Somewhat adapted from timely-viz, in https://github.com/comnik/declarative-dataflow/blob/master/src/sources/timely_logging.rs#L77 I turn operator addresses back into edges in the operator graph. Not sure how helpful this is, but this is the extent of what I've been doing.

ryzhyk commented 5 years ago

Thanks, @frankmcsherry, @comnik!

utaal commented 5 years ago

Hi @ryzhyk, @li1 is looking into extending our trace-based online performance diagnostics work[1] and he also needs to re-construct the operator tree to then extract profiling and tracing information from the logs. https://github.com/utaal/timely-viz/blob/master/src/bin/graph.rs#L105-L114 should get you the leaf nodes with differential (by anti-joining the full collection of operator addresses with the same collection where the last element of the address has been stripped off).
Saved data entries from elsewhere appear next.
(* Let $\Gamma$ be a finite connected $(G,2)$-distance-transitive graph of square-free order, where $G$ is soluble, and let $F$ be the Fitting subgroup of $G$. If $|F|$ is square-free, then $F=C_G(F)$ is cyclic, and either $\Gamma\cong \mathrm{K}_{m[b]}$ with $m\ge3$, $b\ge2$ and $mb$ square-free, or $F$ is semiregular on $V(\Gamma)$ with at most $2$ orbits.
   Context: For $G\le\mathrm{Aut}(\Gamma)$, $\Gamma$ is $(G,2)$-distance-transitive if its diameter is at least $2$, $G$ is vertex-transitive and $G_u$ is transitive on $\Gamma(u)$ and $\Gamma_2(u)$ for every vertex $u$. The Fitting subgroup is the subgroup generated by all nilpotent normal subgroups. $\mathrm{K}_{m[b]}$ is the complete multipartite graph with $m$ parts of size $b$. *)

theory Defs
  imports "HOL-Algebra.Algebra" "HOL-Computational_Algebra.Squarefree"
begin

fun walk_n :: "('a \<Rightarrow> 'a \<Rightarrow> bool) \<Rightarrow> 'a set \<Rightarrow> nat \<Rightarrow> 'a \<Rightarrow> 'a \<Rightarrow> bool" where
  "walk_n E V 0 u v = (u \<in> V \<and> u = v)"
| "walk_n E V (Suc n) u v = (u \<in> V \<and> (\<exists>w\<in>V. E u w \<and> walk_n E V n w v))"

definition simple_graph :: "'a set \<Rightarrow> ('a \<Rightarrow> 'a \<Rightarrow> bool) \<Rightarrow> bool" where
  "simple_graph V E \<longleftrightarrow> (\<forall>x\<in>V. \<forall>y\<in>V. E x y \<longleftrightarrow> E y x) \<and> (\<forall>x\<in>V. \<not> E x x)"

definition connected_graph :: "'a set \<Rightarrow> ('a \<Rightarrow> 'a \<Rightarrow> bool) \<Rightarrow> bool" where
  "connected_graph V E \<longleftrightarrow> V \<noteq> {} \<and> (\<forall>u\<in>V. \<forall>v\<in>V. \<exists>n. walk_n E V n u v)"

definition gdist :: "'a set \<Rightarrow> ('a \<Rightarrow> 'a \<Rightarrow> bool) \<Rightarrow> 'a \<Rightarrow> 'a \<Rightarrow> nat" where
  "gdist V E u v = (LEAST n. walk_n E V n u v)"

definition sphere :: "'a set \<Rightarrow> ('a \<Rightarrow> 'a \<Rightarrow> bool) \<Rightarrow> nat \<Rightarrow> 'a \<Rightarrow> 'a set" where
  "sphere V E i u = {v \<in> V. gdist V E u v = i}"

definition diameter_ge :: "'a set \<Rightarrow> ('a \<Rightarrow> 'a \<Rightarrow> bool) \<Rightarrow> nat \<Rightarrow> bool" where
  "diameter_ge V E d \<longleftrightarrow> (\<exists>u\<in>V. \<exists>v\<in>V. gdist V E u v \<ge> d)"

definition Aut :: "'a set \<Rightarrow> ('a \<Rightarrow> 'a \<Rightarrow> bool) \<Rightarrow> ('a \<Rightarrow> 'a) set" where
  "Aut V E = {g \<in> Bij V. \<forall>x\<in>V. \<forall>y\<in>V. E (g x) (g y) \<longleftrightarrow> E x y}"

definition perm_group :: "'a set \<Rightarrow> ('a \<Rightarrow> 'a) set \<Rightarrow> ('a \<Rightarrow> 'a) monoid" where
  "perm_group V G = (BijGroup V)\<lparr>carrier := G\<rparr>"

definition stab_transitive_on :: "('a \<Rightarrow> 'a) set \<Rightarrow> 'a \<Rightarrow> 'a set \<Rightarrow> bool" where
  "stab_transitive_on G u S \<longleftrightarrow> (\<forall>x\<in>S. \<forall>y\<in>S. \<exists>g\<in>G. g u = u \<and> g x = y)"

definition vertex_transitive :: "'a set \<Rightarrow> ('a \<Rightarrow> 'a) set \<Rightarrow> bool" where
  "vertex_transitive V G \<longleftrightarrow> (\<forall>x\<in>V. \<forall>y\<in>V. \<exists>g\<in>G. g x = y)"

definition two_distance_transitive :: "'a set \<Rightarrow> ('a \<Rightarrow> 'a \<Rightarrow> bool) \<Rightarrow> ('a \<Rightarrow> 'a) set \<Rightarrow> bool" where
  "two_distance_transitive V E G \<longleftrightarrow>
     subgroup G (BijGroup V) \<and> G \<subseteq> Aut V E \<and> diameter_ge V E 2 \<and> vertex_transitive V G \<and>
     (\<forall>u\<in>V. stab_transitive_on G u (sphere V E 1 u) \<and> stab_transitive_on G u (sphere V E 2 u))"

definition iso_complete_multipartite :: "'a set \<Rightarrow> ('a \<Rightarrow> 'a \<Rightarrow> bool) \<Rightarrow> nat \<Rightarrow> nat \<Rightarrow> bool" where
  "iso_complete_multipartite V E m b \<longleftrightarrow>
     (\<exists>f. bij_betw f V ({0..<m} \<times> {0..<b}) \<and>
          (\<forall>x\<in>V. \<forall>y\<in>V. E x y \<longleftrightarrow> fst (f x) \<noteq> fst (f y)))"

definition commutator_subgroup :: "('g, 'b) monoid_scheme \<Rightarrow> 'g set \<Rightarrow> 'g set \<Rightarrow> 'g set" where
  "commutator_subgroup G H K = generate G
     {h \<otimes>\<^bsub>G\<^esub> k \<otimes>\<^bsub>G\<^esub> inv\<^bsub>G\<^esub> h \<otimes>\<^bsub>G\<^esub> inv\<^bsub>G\<^esub> k | h k. h \<in> H \<and> k \<in> K}"

fun lower_central :: "('g, 'b) monoid_scheme \<Rightarrow> nat \<Rightarrow> 'g set" where
  "lower_central G 0 = carrier G"
| "lower_central G (Suc n) = commutator_subgroup G (lower_central G n) (carrier G)"

definition nilpotent_group :: "('g, 'b) monoid_scheme \<Rightarrow> bool" where
  "nilpotent_group G \<longleftrightarrow> group G \<and> (\<exists>n. lower_central G n = {\<one>\<^bsub>G\<^esub>})"

definition fitting_subgroup :: "('g, 'b) monoid_scheme \<Rightarrow> 'g set" where
  "fitting_subgroup G = generate G (\<Union>{N. N \<lhd> G \<and> nilpotent_group (G\<lparr>carrier := N\<rparr>)})"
I use this in timely-viz to draw the dataflow graph of the "actual" operators (those that don't represent a subscope). We are looking into extending the perf diagnostic work, and it would be great to know what your experience has been with timely logging, and what you'd like to see from a dataflow trace analysis. If you're interested, we can chat more about what our current plans are and see if they align with what you're looking for: feedback from concrete use cases is really helpful. /cc @vasia

[1] https://www.usenix.org/node/211258

li1 commented 5 years ago

Hi @ryzhyk, as @utaal and @frankmcsherry mentioned, I'm looking into online profiling (in particular performance optimization & debugging) of timely & differential using log analysis.

So if you have any questions regarding how the logs work (e.g. how to interpret the various TimelyEvent messages) or how you could extract some kind of insight (e.g. explaining performance bottlenecks) from them, just let me know!
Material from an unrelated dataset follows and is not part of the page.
(* Let $n\ge 2$, $h=1/n$, $\Omega=(0,1)^2$, $f$ continuous on $[0,1]^2$, $g\in H^{1/2}(\partial\Omega)$. (i) For every $\kappa>0$, the seven-point finite difference scheme described in the context has exactly one solution $\{u_{k,\ell}\}$. (ii) The five-point scheme described in the context has exactly one solution. (iii) If in addition $f\le 0$ in $\Omega$, then for every $0<\kappa\le 4$ the solution of the seven-point scheme (and in particular the solution of the five-point scheme) satisfies $\max_{(x_k,y_\ell)\in\Omega_h}u_{k,\ell}\le\max_{(x_k,y_\ell)\in\partial\Omega_h}Q_bg(x_k,y_\ell)$, where $\Omega_h$ is the set of all grid points and $\partial\Omega_h$ the set of boundary grid points.
   Context: Grid: $x_k=(k-\frac12)h$, $y_\ell=(\ell-\frac12)h$ for $k,\ell\in\{\frac12,1,\frac32,\dots,n+\frac12\}$. Grid points are $(x_k,y_\ell)$ with one index an integer in $\{1,\dots,n\}$ and the other a half-integer in $\{\frac12,\dots,n+\frac12\}$ (midpoints of the edges of the uniform square partition); a grid point is a boundary grid point if its half-integer index is $\frac12$ or $n+\frac12$. $Q_bg$ at a boundary grid point is the average of $g$ over the boundary edge of length $h$ centered at that point. Seven-point scheme (parameter $\kappa>0$): unknowns $u_{k,\ell}$ at all grid points with $u_{k,\ell}=Q_bg(x_k,y_\ell)$ at boundary grid points, and $c_1u_{i+\frac32,j}+c_2u_{i+\frac12,j}+c_3u_{i-\frac12,j}+c_4(u_{i+1,j-\frac12}+u_{i+1,j+\frac12}+u_{i,j-\frac12}+u_{i,j+\frac12})=\frac{h^2}{2}f(x_{i+\frac12},y_j)$ for $i\in\{1,\dots,n-1\}$, $j\in\{1,\dots,n\}$, $c_1u_{i,j+\frac32}+c_2u_{i,j+\frac12}+c_3u_{i,j-\frac12}+c_4(u_{i-\frac12,j+1}+u_{i+\frac12,j+1}+u_{i-\frac12,j}+u_{i+\frac12,j})=\frac{h^2}{2}f(x_i,y_{j+\frac12})$ for $i\in\{1,\dots,n\}$, $j\in\{1,\dots,n-1\}$, with $c_1=c_3=\frac{\kappa}{4}-1$, $c_2=\frac{\kappa}{2}+2$, $c_4=-\frac{\kappa}{4}$. Five-point scheme: the case $\kappa=4$, i.e. the same boundary condition and $\frac{4u_{i+\frac12,j}-u_{i+1,j-\frac12}-u_{i+1,j+\frac12}-u_{i,j-\frac12}-u_{i,j+\frac12}}{h^2}=\frac12f(x_{i+\frac12},y_j)$, $\frac{4u_{i,j+\frac12}-u_{i-\frac12,j+1}-u_{i+\frac12,j+1}-u_{i-\frac12,j}-u_{i+\frac12,j}}{h^2}=\frac12f(x_i,y_{j+\frac12})$ for the same index ranges. *)

theory Defs
  imports "HOL-Analysis.Analysis"
begin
ryzhyk commented 5 years ago

@utaal, @li1, many thanks for offering your help!

At this point I was able to reconstruct the operator tree and compute aggregate runtimes of individual operators. I am still adding some DDlog-specific instrumentation to correlate operators back to the DDlog program source.

The timely logging infrastructure has been incredibly useful so far in that I was able to do all of the above with only few lines of code and without running into any issues.

My next step is to actually use this profiling information to optimize my programs. I would definitely be interested in your experience there, but also realize there is no general recipe for speeding things up. You will definitely hear from me in the coming weeks as I try to figure out why my code is taking longer than expected :)

utaal commented 5 years ago

Hi @ryzhyk, quick update: there's now a tool at TimelyDataflow/diagnostics to render dataflow graphs in the browser without additional dependencies. Installation is as easy as cargo install tdiag, more info on usage in the repo and with --help.